20 October 2020 13:00

For the past few years I've had a bunch of virtual machines hosting websites, services, and servers. Of course I want them to be available - especially since I charge people money to access at some of them (for example my dns-hosting service) - and that means I want to know when they're not.

The way I've gone about this is to have a bunch of machines running stuff, and then dedicate an entirely separate machine solely for monitoring and alerting. Sure you can run local monitoring, testing that services are available, the root-disk isn't full, and that kind of thing. But only by testing externally can you see if the machine is actually available to end-users, customers, or friends.

A local-agent might decide "I'm fine", but if the hosting-company goes dark due to a fibre cut you're screwed.

I've been hosting my services with Hetzner (cloud) recently, and their service is generally pretty good. Unfortunately I've started to see an increasing number of false-alarms. I'd have a server in Germany, with the monitoring machine in Helsinki (coincidentally where I live!). For the past month I've started to get pinged with a failure every three/four days on average, "service down - dns failed", or "service down - timeout". When the notice would wake me up I'd go check and it would be fine, it was a very transient failure.

To be honest the reason for this is my monitoring is just too damn aggressive, I like to be alerted immediately in case something is wrong. That means if a single test fails I get an alert, as rather than only if a test failed for something more reasonable like three+ consecutive failures.

I'm experimenting with monitoring in a less aggressive fashion, from my home desktop. Since my monitoring tool is a single self-contained golang binary, and it is already packaged as a docker-based container deployment was trivial. I did a little work writing an agent to receive failure-notices, and ping me via telegram - instead of the previous approach where I had an online status-page which I could view via my mobile, and alerts via pushover.
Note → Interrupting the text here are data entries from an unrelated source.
lemma normal_snd_image:
  assumes M: "M \<lhd> G\<delta>"
  shows "snd ` M \<lhd> Aut\<lparr>carrier := U\<rparr>"
proof -
  interpret snd: group_hom G\<delta> Aut snd by (rule group_hom_snd)
  have M_sub: "M \<subseteq> carrier G\<delta>" using M by (simp add: normal_def subgroup.subset)
  then have "snd ` M \<subseteq> U" by (auto simp: ext_carrier)
  moreover have "subgroup (snd ` M) Aut"
    by (rule snd.subgroup_img_is_subgroup[OF normal_imp_subgroup[OF M]])
  moreover have "v \<otimes>\<^bsub>Aut\<^esub> snd x \<otimes>\<^bsub>Aut\<^esub> inv\<^bsub>Aut\<^esub> v \<in> snd ` M" if "v \<in> U" "x \<in> M" for v x
  proof -
    have "(\<one>, v) \<in> carrier G\<delta>" "x \<in> carrier G\<delta>" using that M_sub by (auto simp: ext_carrier)
    then have "v \<otimes>\<^bsub>Aut\<^esub> snd x \<otimes>\<^bsub>Aut\<^esub> inv\<^bsub>Aut\<^esub> v = snd ((\<one>, v) \<otimes>\<^bsub>G\<delta>\<^esub> x \<otimes>\<^bsub>G\<delta>\<^esub> inv\<^bsub>G\<delta>\<^esub> (\<one>, v))"
      by (simp add: snd.hom_mult snd.hom_inv)
    then show ?thesis using normal.inv_op_closed2[OF M \<open>(\<one>, v) \<in> carrier G\<delta>\<close> \<open>x \<in> M\<close>] by blast
  qed
  ultimately show ?thesis
    using subgroup.subgroup_is_group[OF subgroup_U Aut.is_group]
    by (auto simp: group.normal_inv_iff Aut.subgroup_incl[OF _ subgroup_U]
        Aut.m_inv_consistent[OF subgroup_U])
qed
(* Let $\mathcal L_n\subset\mathbb C[z_1,z_2,\theta_1,\theta_2]$ be the left ideal generated by $L_1$ and $L_2$. Then its restriction $\mathcal L_n|_{z_2=0}$ is the left ideal of $\mathbb C[z_1,\theta_1]$ generated by $$L:=\theta_1^2-a_0z_1(\theta_1+a_1)(\theta_1+a_2).$$
   Context: $\mathbb C[z_1,z_2,\theta_1,\theta_2]$ denotes the non-commutative ring with relations $\theta_iz_i=z_i(\theta_i+1)$ ($i=1,2$), all other pairs of generators commuting; $\theta_i$ is interpreted as $z_i\partial/\partial z_i$. For a left ideal $\mathcal I$ of this ring, its restriction to $z_2=0$ is $\mathcal I|_{z_2=0}=\{A\in\mathbb C[z_1,\theta_1]:\ \exists B_1,B_2\in\mathbb C[z_1,z_2,\theta_1,\theta_2],\ A+z_2B_1+\theta_2B_2\in\mathcal I\}$. Fix an integer $n\ge1$ and constants $a_0\neq0,a_1,a_2$, and $L_1=-n\theta_1\theta_2+\theta_1^2-a_0z_1(\theta_1+a_1)(\theta_1+a_2)$, $L_2=\theta_2^{n}-(-1)^n z_2\,(n\theta_2-\theta_1)(n\theta_2-\theta_1+1)\cdots(n\theta_2-\theta_1+n-1)$. *)

theory Defs
  imports "HOL-Computational_Algebra.Polynomial"
begin

text \<open>
  The ring C[z1,z2,theta1,theta2] with theta_i z_i = z_i (theta_i + 1).
  Every element has a unique normal form  sum_{(i,j)} z1^i z2^j P_{i,j}(theta1,theta2)
  (z's on the left).  An element is represented by the coefficient function
  (i,j) |-> P_{i,j}, where P_{i,j} :: complex poly poly is a polynomial in theta2 whose
  coefficients are polynomials in theta1.
\<close>

type_synonym wop = "nat \<times> nat \<Rightarrow> complex poly poly"

definition wfin :: "wop \<Rightarrow> bool" where
  "wfin f \<longleftrightarrow> finite {k. f k \<noteq> 0}"

text \<open>P(theta1,theta2) * z1^b1 z2^b2 = z1^b1 z2^b2 P(theta1+b1, theta2+b2)\<close>
definition wshift :: "nat \<Rightarrow> nat \<Rightarrow> complex poly poly \<Rightarrow> complex poly poly" where
  "wshift b1 b2 P = pcompose (map_poly (\<lambda>p. pcompose p [:of_nat b1, 1:]) P) [:[:of_nat b2:], 1:]"

definition wmul :: "wop \<Rightarrow> wop \<Rightarrow> wop" where
  "wmul f g = (\<lambda>(i,j). \<Sum>a\<le>i. \<Sum>b\<le>j. wshift (i - a) (j - b) (f (a,b)) * g (i - a, j - b))"

definition wadd :: "wop \<Rightarrow> wop \<Rightarrow> wop" where
  "wadd f g = (\<lambda>k. f k + g k)"

definition wsmul :: "complex \<Rightarrow> wop \<Rightarrow> wop" where
  "wsmul c f = (\<lambda>k. [:[:c:]:] * f k)"

definition wconst :: "complex poly poly \<Rightarrow> wop" where
  "wconst P = (\<lambda>k. if k = (0,0) then P else 0)"

definition wone :: wop where "wone = wconst 1"
definition wc :: "complex \<Rightarrow> wop" where "wc c = wconst [:[:c:]:]"
definition wz1 :: wop where "wz1 = (\<lambda>k. if k = (1,0) then 1 else 0)"
definition wz2 :: wop where "wz2 = (\<lambda>k. if k = (0,1) then 1 else 0)"
definition wth1 :: wop where "wth1 = wconst [:[:0, 1:]:]"
definition wth2 :: wop where "wth2 = wconst [:0, 1:]"

definition wpow :: "wop \<Rightarrow> nat \<Rightarrow> wop" where
  "wpow f m = (wmul f ^^ m) wone"

definition left_ideal_gen :: "wop list \<Rightarrow> wop set" where
  "left_ideal_gen gs = {foldr wadd (map2 wmul ps gs) (\<lambda>_. 0) | ps.
       length ps = length gs \<and> (\<forall>p\<in>set ps. wfin p)}"

text \<open>The subring C[z1,theta1]: no z2, no theta2.\<close>
definition in_sub1 :: "wop \<Rightarrow> bool" where
  "in_sub1 f \<longleftrightarrow> wfin f \<and> (\<forall>i j. j \<noteq> 0 \<longrightarrow> f (i,j) = 0) \<and> (\<forall>i. degree (f (i,0)) = 0)"

definition restrict_z2 :: "wop set \<Rightarrow> wop set" where
  "restrict_z2 I = {A. in_sub1 A \<and> (\<exists>B1 B2. wfin B1 \<and> wfin B2 \<and>
       wadd A (wadd (wmul wz2 B1) (wmul wth2 B2)) \<in> I)}"

definition sub1_left_ideal :: "wop \<Rightarrow> wop set" where
  "sub1_left_ideal g = {wmul Q g | Q. in_sub1 Q}"

definition opL1 :: "nat \<Rightarrow> complex \<Rightarrow> complex \<Rightarrow> complex \<Rightarrow> wop" where
  "opL1 n a0 a1 a2 =
     wadd (wadd (wsmul (- of_nat n) (wmul wth1 wth2)) (wmul wth1 wth1))
          (wsmul (- a0) (wmul wz1 (wmul (wadd wth1 (wc a1)) (wadd wth1 (wc a2)))))"

definition opL2 :: "nat \<Rightarrow> wop" where
  "opL2 n =
     wadd (wpow wth2 n)
          (wsmul (- ((-1) ^ n)) (wmul wz2
             (foldr wmul
               (map (\<lambda>k. wadd (wadd (wsmul (of_nat n) wth2) (wsmul (-1) wth1)) (wc (of_nat k))) [0..<n])
               wone)))"

definition opL :: "complex \<Rightarrow> complex \<Rightarrow> complex \<Rightarrow> wop" where
  "opL a0 a1 a2 = wadd (wmul wth1 wth1)
          (wsmul (- a0) (wmul wz1 (wmul (wadd wth1 (wc a1)) (wadd wth1 (wc a2)))))"

end

theory Submission imports Defs begin

text \<open>
  Setting z2 = 0 and theta2 = 0, i.e. keeping only the z2-free, theta2-constant part of the
  normal form, is a ring homomorphism onto C[z1,theta1]: the span of the monomials containing
  z2 or theta2 is a two-sided ideal, because theta2 z2 = z2 (theta2 + 1).  It fixes C[z1,theta1],
  sends L1 to L and L2 to 0 (as n \<ge> 1), and kills z2 B1 + theta2 B2; hence every element of the
  restriction is a left multiple of L.  Conversely, for Q in C[z1,theta1] the operator theta2
  commutes with Q, so Q L1 = Q L + theta2 (-n Q theta1) exhibits Q L in the restriction.
\<close>

definition wzero :: wop where "wzero = (\<lambda>_. 0)"

definition wreduce :: "wop \<Rightarrow> wop" where
  "wreduce f = (\<lambda>(i,j). if j = 0 then [:coeff (f (i,0)) 0:] else 0)"

lemma wreduce_apply: "wreduce f (i,j) = (if j = 0 then [:coeff (f (i,0)) 0:] else 0)"
  by (simp add: wreduce_def)

lemma wmul_apply:
  "wmul f g (i,j) = (\<Sum>a\<le>i. \<Sum>b\<le>j. wshift (i - a) (j - b) (f (a,b)) * g (i - a, j - b))"
  by (simp add: wmul_def)

lemma wshift_zero [simp]: "wshift b1 b2 0 = 0"
  by (simp add: wshift_def)

lemma wshift_0_0 [simp]: "wshift 0 0 P = P"
proof -
  have "map_poly (\<lambda>p. p \<circ>\<^sub>p [:0, 1:]) P = map_poly id P" by (simp add: id_def)
  then show ?thesis by (simp add: wshift_def map_poly_id)
qed

lemma wshift_pCons_0: "wshift b1 b2 [:c:] = [:c \<circ>\<^sub>p [:of_nat b1, 1:]:]"
  by (simp add: wshift_def map_poly_pCons)

lemma coeff_0_wshift: "coeff (wshift b1 0 P) 0 = coeff P 0 \<circ>\<^sub>p [:of_nat b1, 1:]"
  by (simp add: wshift_def coeff_map_poly)
lemma seq_dom_meas_eq_one:
  assumes "valid_reachable P"
  shows "\<exists>j. expect (seqA (Some P) j) (dom_meas True (seqA (Some P) j)) = 1
           \<or> expect (seqB (Some P) j) (dom_meas False (seqB (Some P) j)) = 1"
  using assms
proof (induction "card (support P)" arbitrary: P rule: less_induct)
  case less
  show ?case
  proof (cases "expect (Some P) (dom_meas True (Some P)) = 1 \<or>
      expect (condA (Some P)) (dom_meas False (condA (Some P))) = 1")
    case True
    then show ?thesis by (intro exI[of _ 0]) (simp add: seqB_def)
  next
    case False
    then obtain P' where "condB (condA (Some P)) = Some P'" "valid_reachable P'"
        "support P' \<subset> support P"
      using round_shrinks_support[OF less.prems] by blast
    moreover from this have "card (support P') < card (support P)"
      by (simp add: psubset_card_mono finite_support)
    ultimately obtain j where "expect (seqA (Some P') j) (dom_meas True (seqA (Some P') j)) = 1
        \<or> expect (seqB (Some P') j) (dom_meas False (seqB (Some P') j)) = 1"
      using less.hyps by blast
    with \<open>condB (condA (Some P)) = Some P'\<close> show ?thesis
      by (intro exI[of _ "Suc j"]) (simp add: seqB_def seqA_Suc_right del: seqA.simps)
  qed
qed

theorem lemma3p44:
  fixes P :: proto
  assumes "valid_proto P"
  shows "\<exists>j. expect (seqA (Some P) j) (dom_meas True (seqA (Some P) j)) = 1
           \<or> expect (seqB (Some P) j) (dom_meas False (seqB (Some P) j)) = 1"
  using seq_dom_meas_eq_one[OF valid_proto_imp_valid_reachable[OF assms]] .

end
(* Let $p>n$, let $\Theta\in\mathbb{R}^{p\times p}$ be symmetric positive definite with eigendecomposition $\Theta=PD^2P^T$ ($P$ orthogonal, $D$ diagonal), and let $X\in\mathbb{R}^{(n+1)\times p}$ have i.i.d. rows distributed as $\mathcal{N}_p(\mu,\Theta)$. Let $\Pi=I_{n+1}-(n+1)^{-1}\mathbf{1}\mathbf{1}^T$ and let $\Pi X=U\Lambda V^T$ be the singular value decomposition of $\Pi X$ with $\Lambda\in\mathbb{R}^{n\times n}$ diagonal (singular values in nonincreasing order), $U\in\mathbb{R}^{(n+1)\times n}$ and $V\in\mathbb{R}^{p\times n}$ with orthonormal columns. Let $H$ be any function mapping $n\times n$ diagonal matrices to $n\times n$ diagonal matrices, and define $\hat\Sigma_H=\frac1n VH(\Lambda^2)V^T$. Then (whenever the expectation exists) $\mathbb{E}\hat\Sigma_H=PC_H^2P^T$ for some diagonal matrix $C_H$.
   Context: $\mathbf{1}$ denotes the all-ones vector in $\mathbb{R}^{n+1}$; $\Pi X$ has rank $n$ almost surely. *)

theory Defs
  imports "HOL-Analysis.Analysis" "HOL-Probability.Probability"
begin

definition diag_mat :: "real^'n^'n \<Rightarrow> bool" where
  "diag_mat A \<longleftrightarrow> (\<forall>i j. i \<noteq> j \<longrightarrow> A $ i $ j = 0)"

definition spd_mat :: "real^'n^'n \<Rightarrow> bool" where
  "spd_mat A \<longleftrightarrow> transpose A = A \<and> (\<forall>x. x \<noteq> 0 \<longrightarrow> x \<bullet> (A *v x) > 0)"

definition mvn_density :: "real^'p \<Rightarrow> real^'p^'p \<Rightarrow> real^'p \<Rightarrow> real" where
  "mvn_density mu Theta x =
     exp (- (1/2) * ((x - mu) \<bullet> (matrix_inv Theta *v (x - mu))))
     / sqrt ((2 * pi) ^ CARD('p) * det Theta)"

definition gauss_rows :: "real^'p \<Rightarrow> real^'p^'p \<Rightarrow> (real^'p^'m) measure" where
  "gauss_rows mu Theta =
     density lborel (\<lambda>X. \<Prod>i\<in>UNIV. ennreal (mvn_density mu Theta (X $ i)))"

text \<open>Centering matrix Pi = I - (1/(n+1)) 1 1^T, with n+1 = CARD('m).\<close>
definition centering :: "real^'m^'m" where
  "centering = mat 1 - (\<chi> i j. 1 / real CARD('m))"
So far it looks good. I've tweaked the monitoring to setup a timeout of 15 seconds, instead of 5, and I've configured it to only alert me if there is an outage which lasts for >= 2 consecutive failures. I guess the TLDR is I now do offsite monitoring .. from my house, rather than from a different region.

The only real reason to write this post was mostly to say that the process of writing a trivial "notify me" gateway to interface with telegram was nice and straightforward, and to remind myself that transient failures are way more common than we expect.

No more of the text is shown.